[Items from a data source]
lemma attains_norm_at_in_span:
  fixes T :: "(nat \<Rightarrow> 'a::real_inner) \<Rightarrow> real"
  assumes k: "k \<ge> 1" and T: "multilinear_form k T" and sym: "symmetric_form k T"
    and cont: "continuous_on (ktuples k) T" and nonzero: "\<exists>w\<in>ktuples k. T w \<noteq> 0"
    and unit: "\<forall>i<k. norm (x i) = 1" and x: "attains_norm_at k T x"
    and ijl: "i < k" "j < k" "l < k" and ji: "x j \<notin> span {x i}"
  shows "x l \<in> span {x i, x j}"
proof (cases "l = i \<or> l = j")
  case True
  then show ?thesis
    by (auto intro: span_base)
next
  case False
  have "i \<noteq> j"
    using ji by (auto intro: span_base)
  then interpret contractive_symmetric_trilinear "\<lambda>u v t. T (x(i := u, j := v, l := t)) / T x"
    using attains_norm_at_slice_contractive[OF k T sym cont unit x ijl] False by auto
  have "T (x(i := x i, j := x j, l := x l)) / T x = 1"
    using attains_norm_at_nonzero[OF k T cont nonzero x] by simp
  from norming_triple_in_span[OF _ _ _ this ji] unit ijl show ?thesis
    by simp
qed

lemma dim_span_image_le_2:
  fixes x :: "nat \<Rightarrow> 'a::real_vector"
  assumes "\<And>i j l. i < k \<Longrightarrow> j < k \<Longrightarrow> l < k \<Longrightarrow> x j \<notin> span {x i} \<Longrightarrow> x l \<in> span {x i, x j}"
  shows "dim (span (x ` {..<k})) \<le> 2"
proof (cases "x ` {..<k} \<subseteq> span {x 0}")
  case True
  then have "dim (x ` {..<k}) \<le> card {x 0}"
    by (intro dim_le_card) auto
  then show ?thesis
    by simp
next
  case False
  then obtain j where "j < k" "x j \<notin> span {x 0}"
    by auto
  then have "x ` {..<k} \<subseteq> span {x 0, x j}"
    using assms[of 0 j] by auto
  then have "dim (x ` {..<k}) \<le> card {x 0, x j}"
    by (intro dim_le_card) auto
  also have "\<dots> \<le> 2"
    by (simp add: card_insert_le_m1)
  finally show ?thesis
    by simp
qed

theorem proposition4p1:
  fixes T :: "(nat \<Rightarrow> 'a::{real_inner, complete_space}) \<Rightarrow> real"
    and x :: "nat \<Rightarrow> 'a"
    and k :: nat
  assumes "k \<ge> 1"
    and "multilinear_form k T"
    and "symmetric_form k T"
    and "continuous_on (ktuples k) T"
    and "\<exists>w\<in>ktuples k. T w \<noteq> 0"
    and "\<forall>i<k. norm (x i) = 1"
    and "attains_norm_at k T x"
  shows "dim (span (x ` {..<k})) \<le> 2"
  using attains_norm_at_in_span[OF assms] by (rule dim_span_image_le_2)

end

▶ _The task_
Could you restate every record above word for word?

▶ _Answer_
lemma attains_norm_at_in_span:
  fixes T :: "(nat \<Rightarrow> 'a::real_inner) \<Rightarrow> real"
  assumes k: "k \<ge> 1" and T: "multilinear_form k T" and sym: "symmetric_form k T"
    and cont: "continuous_on (ktuples k) T" and nonzero: "\<exists>w\<in>ktuples k. T w \<noteq> 0"
    and unit: "\<forall>i<k. norm (x i) = 1" and x: "attains_norm_at k T x"
    and ijl: "i < k" "j < k" "l < k" and ji: "x j \<notin> span {x i}"
  shows "x l \<in> span {x i, x j}"
proof (cases "l = i \<or> l = j")
  case True
  then show ?thesis
    by (auto intro: span_base)
next
  case False
  have "i \<noteq> j"
    using ji by (auto intro: span_base)
  then interpret contractive_symmetric_trilinear "\<lambda>u v t. T (x(i := u, j := v, l := t)) / T x"
    using attains_norm_at_slice_contractive[OF k T sym cont unit x ijl] False by auto
  have "T (x(i := x i, j := x j, l := x l)) / T x = 1"
    using attains_norm_at_nonzero[OF k T cont nonzero x] by simp
  from norming_triple_in_span[OF _ _ _ this ji] unit ijl show ?thesis
    by simp
qed

lemma dim_span_image_le_2:
  fixes x :: "nat \<Rightarrow> 'a::real_vector"
  assumes "\<And>i j l. i < k \<Longrightarrow> j < k \<Longrightarrow> l < k \<Longrightarrow> x j \<notin> span {x i} \<Longrightarrow> x l \<in> span {x i, x j}"
  shows "dim (span (x ` {..<k})) \<le> 2"
proof (cases "x ` {..<k} \<subseteq> span {x 0}")
  case True
  then have "dim (x ` {..<k}) \<le> card {x 0}"
    by (intro dim_le_card) auto
  then show ?thesis
    by simp
next
  case False
  then obtain j where "j < k" "x j \<notin> span {x 0}"
    by auto
  then have "x ` {..<k} \<subseteq> span {x 0, x j}"
    using assms[of 0 j] by auto
  then have "dim (x ` {..<k}) \<le> card {x 0, x j}"
    by (intro dim_le_card) auto
  also have "\<dots> \<le> 2"
    by (simp add: card_insert_le_m1)
  finally show ?thesis
    by simp
qed

theorem proposition4p1:
  fixes T :: "(nat \<Rightarrow> 'a::{real_inner, complete_space}) \<Rightarrow> real"
    and x :: "nat \<Rightarrow> 'a"
    and k :: nat
  assumes "k \<ge> 1"
    and "multilinear_form k T"
    and "symmetric_form k T"
    and "continuous_on (ktuples k) T"
    and "\<exists>w\<in>ktuples k. T w \<noteq> 0"
    and "\<forall>i<k. norm (x i) = 1"
    and "attains_norm_at k T x"
  shows "dim (span (x ` {..<k})) \<le> 2"
  using attains_norm_at_in_span[OF assms] by (rule dim_span_image_le_2)

end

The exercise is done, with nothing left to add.